- A panel of advisers to the Centers for Disease Control and Prevention endorsed use of Pfizer and BioNTech's coronavirus vaccine in young teenagers, adding their support on Wednesday to the Food and Drug Administration's authorization of the shot for 12- to 15-year-olds earlier this week.
- The committee, made up of infectious disease doctors and pediatricians, voted 14-0 to recommend the shot for adolescents. One panelist recused herself because she was involved in coronavirus vaccine clinical trials.
- The vote, which the CDC officially adopted hours after, gives a clear green light for states to begin vaccinating 12- to 15-year-olds. While some had already begun to offer vaccinations to adolescents in that age range, others were waiting for the CDC's panel endorsement.
The FDA's decision Monday to expand the authorization of Pfizer and BioNTech's vaccine was a significant step, making millions of younger adolescents in the U.S. eligible to receive the shot ahead of summer camps and the next school year.
While children and teens are at much lower risk of severe illness of death, they are still susceptible to infection and can experience more serious symptoms, particularly for those individuals who have other medical conditions.
"This is a really important issue for this summer," said Camille Kotton, an infectious disease doctor at Massachusetts General Hospital and a panelist, referring to vaccinating young teens. "This is another way to get closer to ending this horrible pandemic."
Committee members agreed the benefits far outweighed the risks and noted more data would be collected following the shot's roll-out in adolescents.
"I want to remind everyone that intensive safety scrutiny of this vaccine will continue after the authorization," said Matthew Daley, a researcher at Kaiser Permanente Colorado and a panelist. "We're just going to get more data on the 12- to 15-year-olds."
In authorizing the vaccine for use in young teens, the FDA highlighted clinical data that showed the shot to be similarly safe and effective as in young adults. But as Pfizer and BioNtech's study mostly enrolled adults over 18, the supporting results come from only a couple thousand participants aged 12 to 15.
Wednesday's meeting offered a forum for a more thorough public vetting of that data, which could help build confidence in the FDA's decision. CDC officials, as well as a representative from Pfizer, detailed the trial results as well as epidemiological data on COVID-19 infections in younger adolescents to help the committee members make their decision.
In particular, the Pfizer representative compared rates of side effects in 12- to 15-year olds to those in older teenagers and young adults. Injection site pain, headache, tiredness and fever were most common and similar in rate between the two groups. Almost all were mild to moderate in degree.

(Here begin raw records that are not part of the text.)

lemma piece_subset: "piece W N a \<subseteq> W"
proof
  fix x assume x: "x \<in> piece W N a"
  then have "x \<in> core a" "x \<in> topspace X" unfolding piece_def core_def by auto
  moreover obtain g where "g \<in> guards W N a" "x \<notin> (\<Union>i\<in>g. zpart i)"
    using x \<open>x \<in> topspace X\<close> unfolding piece_def excluded_def by auto
  ultimately show "x \<in> W" unfolding guards_def by blast
qed

lemma cozero_set_piece:
  assumes "finite a" "a \<subseteq> idx N"
  shows "cozero_set X (piece W N a)"
proof -
  have "cozero_set X (core a)"
    unfolding core_def using assms cozero_set_cpart by (intro cozero_set_finite_INT) auto
  moreover have "zero_set X (excluded W N a)"
    unfolding excluded_def
  proof (rule zero_set_INT_UN_point_finite)
    show "finite {i \<in> idx N. x \<in> zpart i}" if "x \<in> topspace X" for x
      using zpart_subset by (blast intro: finite_subset[OF _ finite_idx_containing[OF that, of N]])
    show "\<forall>g\<in>guards W N a. g \<subseteq> idx N \<and> finite g \<and> card g \<le> N"
      unfolding guards_def by blast
  qed (rule zero_set_zpart)
  then have "cozero_set X (topspace X - excluded W N a)"
    by (simp add: cozero_set_iff_zero_set double_diff excluded_def)
  moreover have "piece W N a = core a \<inter> (topspace X - excluded W N a)"
    unfolding piece_def core_def by blast
  ultimately show ?thesis by (simp add: cozero_set_Int)
qed

lemma point_finite_layer: "point_finite X (layer m N)"
  unfolding point_finite_def
proof
  fix x assume x: "x \<in> topspace X"
  have "{c \<in> layer m N. x \<in> c} \<subseteq>
      (\<lambda>(W, a). piece W N a) ` ({W \<in> Bs m. x \<in> W} \<times> Pow {i \<in> idx N. x \<in> snd i})"
  proof
    fix c assume "c \<in> {c \<in> layer m N. x \<in> c}"
    then obtain W a where c: "c = piece W N a" "W \<in> Bs m" "a \<subseteq> idx N" "x \<in> c"
      unfolding layer_def by blast
    then have "x \<in> W" using piece_subset by blast
    moreover have "x \<in> snd i" if "i \<in> a" for i
      using c that cpart_subset unfolding piece_def core_def by blast
    ultimately show "c \<in> (\<lambda>(W, a). piece W N a) ` ({W \<in> Bs m. x \<in> W} \<times> Pow {i \<in> idx N. x \<in> snd i})"
      using c by auto
  qed
  moreover have "finite {W \<in> Bs m. x \<in> W}"
    using point_finite_Bs x unfolding point_finite_def by blast
  ultimately show "finite {c \<in> layer m N. x \<in> c}"
    using finite_idx_containing[OF x] by (auto elim: finite_subset)
qed

lemma subbasic_INT_approx:
  assumes "finite F" "F \<subseteq> subbasic" "x \<in> topspace X" "x \<in> \<Inter>F"
  shows "\<exists>a g. finite a \<and> a \<subseteq> (\<Union>N. idx N) \<and> finite g \<and> g \<subseteq> (\<Union>N. idx N) \<and>
    x \<in> core a \<and> x \<notin> (\<Union>i\<in>g. zpart i) \<and> core a - (\<Union>i\<in>g. zpart i) \<subseteq> \<Inter>F"
  using assms
proof (induction F rule: finite_induct)
  case empty
  then show ?case by (intro exI[of _ "{}"]) (simp add: core_def)
next
  case (insert f F)
  then obtain a g where IH: "finite a" "a \<subseteq> (\<Union>N. idx N)" "finite g" "g \<subseteq> (\<Union>N. idx N)"
      "x \<in> core a" "x \<notin> (\<Union>i\<in>g. zpart i)" "core a - (\<Union>i\<in>g. zpart i) \<subseteq> \<Inter>F"
    by auto
  have "x \<in> f" using insert.prems by simp
  consider (member) k where "f \<in> Fs k"
    | (complement) V k n where "f = topspace X - U V (2*n - 1)" "V \<in> Fs k" "1 \<le> n"
    using insert.prems(1) unfolding subbasic_def by blast
  then show ?case
  proof cases
    case member
    then obtain m where m: "1 \<le> m" "x \<in> U f (2*m)"
      using U_representation_cozero_cover U_representation \<open>x \<in> f\<close> by metis
    have "(m, f) \<in> (\<Union>N. idx N)" using m(1) member mem_UN_idx_iff by blast
    moreover have "core (insert (m, f) a) = core a \<inter> U f (2*m)"
      unfolding core_def cpart_def by auto
    moreover have "U f (2*m) \<subseteq> f"
      using U_representation_subset[OF U_representation[OF member]] m(1) by simp
    ultimately show ?thesis using IH m(2)
      by (intro exI[of _ "insert (m, f) a"] exI[of _ g]) auto
  next
    case complement
    have "(n, V) \<in> (\<Union>N. idx N)" using complement mem_UN_idx_iff by blast
    moreover have "zpart (n, V) = U V (2*n - 1)" by (simp add: zpart_def)
    moreover have "core a \<subseteq> topspace X" by (simp add: core_def)
    ultimately show ?thesis using IH complement(1) \<open>x \<in> f\<close>
      by (intro exI[of _ a] exI[of _ "insert (n, V) g"]) auto
  qed
qed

During Wednesday's meeting, the CDC noted it would no longer advise against co-administering other vaccines alongside coronavirus shots, as it has since Pfizer's and Moderna's were first authorized in the U.S. The agency is cautioning, however, that providers consider the strength of reactions different vaccines elicit, as it's not known whether so-called "reactogenicity" increases with co-administration.

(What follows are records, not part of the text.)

lemma transv_Gamma_right:
  assumes a: "is_subgroup a" and b: "is_subgroup b"
    and x: "transv x b" and y: "transv a y" and z: "transv z b"
  shows "transv (Gamma x a y b z) b"
  unfolding transv_subgroup_right_iff[OF b]
proof
  fix w
  obtain \<beta>\<^sub>0 where \<beta>\<^sub>0: "\<beta>\<^sub>0 \<in> b" "w + \<beta>\<^sub>0 \<in> x"
    using transv_subgroup_right_ex[OF b x] by blast
  obtain \<alpha> where \<alpha>: "\<alpha> \<in> a" "\<alpha> + (w + \<beta>\<^sub>0) \<in> y"
    using transv_subgroup_left_ex[OF a y] by blast
  obtain \<beta> where \<beta>: "\<beta> \<in> b" "\<alpha> + w + \<beta> \<in> z"
    using transv_subgroup_right_ex[OF b z] by blast
  have "- \<beta> + \<beta>\<^sub>0 \<in> b"
    using \<beta>\<^sub>0 \<beta> b by (blast intro: subgroup_add subgroup_uminus)
  moreover have "\<alpha> + (w + \<beta>) + (- \<beta> + \<beta>\<^sub>0) \<in> y" "\<alpha> + (w + \<beta>) \<in> z"
    "w + \<beta> + (- \<beta> + \<beta>\<^sub>0) \<in> x"
    using \<beta>\<^sub>0 \<alpha> \<beta> by (simp_all add: add.assoc)
  ultimately have "w + \<beta> \<in> Gamma x a y b z"
    unfolding Gamma_def using \<alpha>(1) by blast
  moreover have "\<beta>\<^sub>1 = \<beta>\<^sub>2"
    if mem: "\<beta>\<^sub>1 \<in> b" "w + \<beta>\<^sub>1 \<in> Gamma x a y b z" "\<beta>\<^sub>2 \<in> b" "w + \<beta>\<^sub>2 \<in> Gamma x a y b z" for \<beta>\<^sub>1 \<beta>\<^sub>2
  proof -
    obtain \<alpha>\<^sub>1 \<beta>\<^sub>1' where 1: "\<alpha>\<^sub>1 \<in> a" "\<beta>\<^sub>1' \<in> b" "\<alpha>\<^sub>1 + (w + (\<beta>\<^sub>1 + \<beta>\<^sub>1')) \<in> y"
        "\<alpha>\<^sub>1 + w + \<beta>\<^sub>1 \<in> z" "w + (\<beta>\<^sub>1 + \<beta>\<^sub>1') \<in> x"
      using mem(2) unfolding Gamma_def by (auto simp: add.assoc)
    obtain \<alpha>\<^sub>2 \<beta>\<^sub>2' where 2: "\<alpha>\<^sub>2 \<in> a" "\<beta>\<^sub>2' \<in> b" "\<alpha>\<^sub>2 + (w + (\<beta>\<^sub>2 + \<beta>\<^sub>2')) \<in> y"
        "\<alpha>\<^sub>2 + w + \<beta>\<^sub>2 \<in> z" "w + (\<beta>\<^sub>2 + \<beta>\<^sub>2') \<in> x"
      using mem(4) unfolding Gamma_def by (auto simp: add.assoc)
    have "\<beta>\<^sub>1 + \<beta>\<^sub>1' = \<beta>\<^sub>2 + \<beta>\<^sub>2'"
      using transv_subgroup_right_unique[OF b x] 1(2,5) 2(2,5) mem(1,3) subgroup_add[OF b] by blast
    then have "\<alpha>\<^sub>1 = \<alpha>\<^sub>2"
      using transv_subgroup_left_unique[OF a y] 1(1,3) 2(1,3) by simp
    then show "\<beta>\<^sub>1 = \<beta>\<^sub>2"
      using transv_subgroup_right_unique[OF b z] 1(4) 2(4) mem(1,3) by blast
  qed
  ultimately show "\<exists>!\<beta>. \<beta> \<in> b \<and> w + \<beta> \<in> Gamma x a y b z"
    using \<beta>(1) by (intro ex1I[of _ \<beta>]) blast+
qed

Looking ahead, the FDA plans to hold an advisory committee meeting of its own in June to discuss the data it would need to evaluate vaccine use in children younger than 12.
Through Tuesday, about 153 million people older than 16 had received at least one dose of a coronavirus vaccine, CDC data show, equivalent to about 46% of the U.S. population. There are roughly 17 million adolescents aged 12 to 15 in the U.S., according to numbers cited by the Kaiser Family Foundation.
Editor's note: This story has been updated to reflect the outcome of the committee's vote on Wednesday afternoon and to include the official adoption of the vote into CDC guidance.